- **Exercise objective**:
What lines of the data hold the string "bool"? Copy them all.

*** Opening of Extracted data ***

(* Let $(G,r,k,c,\pi)$ be an instance of $k$-PCST with optimal value $\mathrm{OPT}$, and run the algorithm $\mathcal{A}$ described below on it. If $\mathcal{A}$ terminates at Step 1, then its output $F_{\mathrm{OUT}}=(V_{\mathrm{OUT}},E_{\mathrm{OUT}})$ is a feasible solution of the $k$-PCST instance and satisfies \[ \sum_{e\in E_{\mathrm{OUT}}}c(e)+\sum_{v\notin V_{\mathrm{OUT}}}\pi(v)\le 2\,\mathrm{OPT}. \]
   Context: An instance of $k$-PCST consists of an undirected connected graph $G=(V,E)$, a root $r\in V$, an integer $k$, a nonnegative edge cost $c:E\to\mathbb{R}_+$ and a nonnegative penalty $\pi:V\to\mathbb{R}_+$. A feasible solution is a subtree $F=(V_F,E_F)$ of $G$ with $r\in V_F$ and $|V_F|\ge k$, of cost $\sum_{e\in E_F}c(e)+\sum_{v\in V\setminus V_F}\pi(v)$; $\mathrm{OPT}$ is the minimum cost. The PCST instance $(G,r,c,\pi)$ is the same problem without the constraint $|V_F|\ge k$; the rooted $k$-MST instance $(G,r,k,c)$ asks for a subtree containing $r$ with at least $k$ vertices minimizing total edge cost. Procedure 1 is the Goemans–Williamson primal-dual algorithm for PCST, which returns a subtree $F=(V_F,E_F)$ containing $r$ whose PCST cost is at most $2$ times the optimal PCST value. Procedure 2 is Garg's primal-dual algorithm for rooted $k$-MST, which returns a subtree containing $r$ with at least $k$ vertices whose edge cost is at most $2$ times the optimal rooted $k$-MST value. Algorithm $\mathcal{A}$: Step 1: apply Procedure 1 to $(G,r,c,\pi)$ obtaining $F_{\mathrm{PCST}}=(V_{\mathrm{PCST}},E_{\mathrm{PCST}})$; if $|V_{\mathrm{PCST}}|\ge k$, return $F_{\mathrm{PCST}}$ (termination at Step 1); otherwise go to Step 2. Step 2: apply Procedure 2 to $(G,r,k,c)$ obtaining $F_{k\text{-MST}}=(V_{k\text{-MST}},E_{k\text{-MST}})$. Step 3: form the graph $G'=(V_{\mathrm{PCST}}\cup V_{k\text{-MST}},E_{\mathrm{PCST}}\cup E_{k\text{-MST}})$, compute a minimum spanning tree $F_{\mathrm{OUT}}$ of $G'$ with respect to $c$, and return it. *)

theory Defs
  imports Complex_Main
begin

definition graph :: "'a set \<Rightarrow> 'a set set \<Rightarrow> bool" where
  "graph V E \<longleftrightarrow> finite V \<and> (\<forall>e\<in>E. \<exists>u v. e = {u, v} \<and> u \<noteq> v \<and> u \<in> V \<and> v \<in> V)"

definition adj :: "'a set set \<Rightarrow> ('a \<times> 'a) set" where
  "adj E = {(u, v). {u, v} \<in> E}"

definition connected_graph :: "'a set \<Rightarrow> 'a set set \<Rightarrow> bool" where
  "connected_graph V E \<longleftrightarrow> (\<forall>u\<in>V. \<forall>v\<in>V. (u, v) \<in> (adj E)\<^sup>*)"

text \<open>Acyclic: every edge is a bridge, i.e. no cycle passes through any edge.\<close>
definition acyclic_graph :: "'a set set \<Rightarrow> bool" where
  "acyclic_graph E \<longleftrightarrow> (\<forall>e\<in>E. \<forall>u v. e = {u, v} \<longrightarrow> (u, v) \<notin> (adj (E - {e}))\<^sup>*)"

definition is_tree :: "'a set \<Rightarrow> 'a set set \<Rightarrow> bool" where
  "is_tree VF EF \<longleftrightarrow> VF \<noteq> {} \<and> graph VF EF \<and> connected_graph VF EF \<and> acyclic_graph EF"

definition subtree :: "'a set \<Rightarrow> 'a set set \<Rightarrow> 'a set \<Rightarrow> 'a set set \<Rightarrow> bool" where
  "subtree V E VF EF \<longleftrightarrow> VF \<subseteq> V \<and> EF \<subseteq> E \<and> is_tree VF EF"

definition pcst_cost :: "'a set \<Rightarrow> ('a set \<Rightarrow> real) \<Rightarrow> ('a \<Rightarrow> real) \<Rightarrow> 'a set \<Rightarrow> 'a set set \<Rightarrow> real" where
  "pcst_cost V c \<pi> VF EF = (\<Sum>e\<in>EF. c e) + (\<Sum>v\<in>V - VF. \<pi> v)"

definition pcst_feasible :: "'a set \<Rightarrow> 'a set set \<Rightarrow> 'a \<Rightarrow> 'a set \<Rightarrow> 'a set set \<Rightarrow> bool" where
  "pcst_feasible V E r VF EF \<longleftrightarrow> subtree V E VF EF \<and> r \<in> VF"

definition kpcst_feasible :: "'a set \<Rightarrow> 'a set set \<Rightarrow> 'a \<Rightarrow> nat \<Rightarrow> 'a set \<Rightarrow> 'a set set \<Rightarrow> bool" where
  "kpcst_feasible V E r k VF EF \<longleftrightarrow> subtree V E VF EF \<and> r \<in> VF \<and> card VF \<ge> k"

definition pcst_opt :: "'a set \<Rightarrow> 'a set set \<Rightarrow> 'a \<Rightarrow> ('a set \<Rightarrow> real) \<Rightarrow> ('a \<Rightarrow> real) \<Rightarrow> real" where
  "pcst_opt V E r c \<pi> = Inf {pcst_cost V c \<pi> VF EF | VF EF. pcst_feasible V E r VF EF}"

definition kpcst_opt :: "'a set \<Rightarrow> 'a set set \<Rightarrow> 'a \<Rightarrow> nat \<Rightarrow> ('a set \<Rightarrow> real) \<Rightarrow> ('a \<Rightarrow> real) \<Rightarrow> real" where
  "kpcst_opt V E r k c \<pi> = Inf {pcst_cost V c \<pi> VF EF | VF EF. kpcst_feasible V E r k VF EF}"

end

theory Submission
  imports Defs
begin

text \<open>A tree with at least k vertices is in particular a PCST solution, so the PCST optimum
  is a lower bound for the k-PCST optimum; a 2-approximate PCST tree that already has k
  vertices is therefore 2-approximate for k-PCST as well.\<close>

lemma kpcst_feasible_imp_pcst_feasible:
  "kpcst_feasible V E r k VF EF \<Longrightarrow> pcst_feasible V E r VF EF"
  by (simp add: kpcst_feasible_def pcst_feasible_def)

lemma pcst_feasible_card_imp_kpcst_feasible:
  "pcst_feasible V E r VF EF \<Longrightarrow> card VF \<ge> k \<Longrightarrow> kpcst_feasible V E r k VF EF"
  by (simp add: kpcst_feasible_def pcst_feasible_def)

lemma pcst_cost_nonneg:
  assumes "\<forall>e\<in>E. c e \<ge> 0" and "\<forall>v\<in>V. \<pi> v \<ge> 0" and "pcst_feasible V E r VF EF"
  shows "pcst_cost V c \<pi> VF EF \<ge> 0"
proof -
  have "EF \<subseteq> E" using assms(3) by (simp add: pcst_feasible_def subtree_def)
  then have "(\<Sum>e\<in>EF. c e) \<ge> 0" using assms(1) by (intro sum_nonneg) auto
  moreover have "(\<Sum>v\<in>V - VF. \<pi> v) \<ge> 0" using assms(2) by (intro sum_nonneg) auto
  ultimately show ?thesis by (simp add: pcst_cost_def)
qed

text \<open>Nonnegativity makes the PCST costs bounded below, and the given k-PCST solution keeps
  the k-PCST infimum from being the junk value Inf of the empty set.\<close>
lemma pcst_opt_le_kpcst_opt:
  assumes "\<forall>e\<in>E. c e \<ge> 0" and "\<forall>v\<in>V. \<pi> v \<ge> 0" and "kpcst_feasible V E r k VF EF"
  shows "pcst_opt V E r c \<pi> \<le> kpcst_opt V E r k c \<pi>"
proof -
  let ?pcst = "{pcst_cost V c \<pi> VF EF | VF EF. pcst_feasible V E r VF EF}"
  let ?kpcst = "{pcst_cost V c \<pi> VF EF | VF EF. kpcst_feasible V E r k VF EF}"
  have "?kpcst \<subseteq> ?pcst" by (auto dest: kpcst_feasible_imp_pcst_feasible)
  moreover have "?kpcst \<noteq> {}" using assms(3) by blast
  moreover have "bdd_below ?pcst"
    using pcst_cost_nonneg[OF assms(1,2)] by (intro bdd_belowI[where m = 0]) blast
  ultimately have "Inf ?pcst \<le> Inf ?kpcst" by (intro cInf_superset_mono)
  then show ?thesis by (simp add: pcst_opt_def kpcst_opt_def)
qed

theorem lemma3:
  fixes V :: "'a set" and E :: "'a set set" and r :: 'a and k :: nat
    and c :: "'a set \<Rightarrow> real" and \<pi> :: "'a \<Rightarrow> real"
    and V_PCST :: "'a set" and E_PCST :: "'a set set"
  assumes G: "graph V E" and conn: "connected_graph V E" and root: "r \<in> V"
    and c_nonneg: "\<forall>e\<in>E. c e \<ge> 0" and pi_nonneg: "\<forall>v\<in>V. \<pi> v \<ge> 0"
    and proc1_tree: "pcst_feasible V E r V_PCST E_PCST"
    and proc1_approx: "pcst_cost V c \<pi> V_PCST E_PCST \<le> 2 * pcst_opt V E r c \<pi>"
    and step1: "card V_PCST \<ge> k"
  shows "kpcst_feasible V E r k V_PCST E_PCST
       \<and> pcst_cost V c \<pi> V_PCST E_PCST \<le> 2 * kpcst_opt V E r k c \<pi>"
proof -
  have feasible: "kpcst_feasible V E r k V_PCST E_PCST"
    using proc1_tree step1 by (rule pcst_feasible_card_imp_kpcst_feasible)
  moreover have "pcst_opt V E r c \<pi> \<le> kpcst_opt V E r k c \<pi>"
    using c_nonneg pi_nonneg feasible by (rule pcst_opt_le_kpcst_opt)
  ultimately show ?thesis using proc1_approx by linarith
qed

end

*** Close of Extracted data ***

- **Solution**:
definition graph :: "'a set \<Rightarrow> 'a set set \<Rightarrow> bool" where
definition connected_graph :: "'a set \<Rightarrow> 'a set set \<Rightarrow> bool" where
definition acyclic_graph :: "'a set set \<Rightarrow> bool" where
definition is_tree :: "'a set \<Rightarrow> 'a set set \<Rightarrow> bool" where
definition subtree :: "'a set \<Rightarrow> 'a set set \<Rightarrow> 'a set \<Rightarrow> 'a set set \<Rightarrow> bool" where
definition pcst_feasible :: "'a set \<Rightarrow> 'a set set \<Rightarrow> 'a \<Rightarrow> 'a set \<Rightarrow> 'a set set \<Rightarrow> bool" where
definition kpcst_feasible :: "'a set \<Rightarrow> 'a set set \<Rightarrow> 'a \<Rightarrow> nat \<Rightarrow> 'a set \<Rightarrow> 'a set set \<Rightarrow> bool" where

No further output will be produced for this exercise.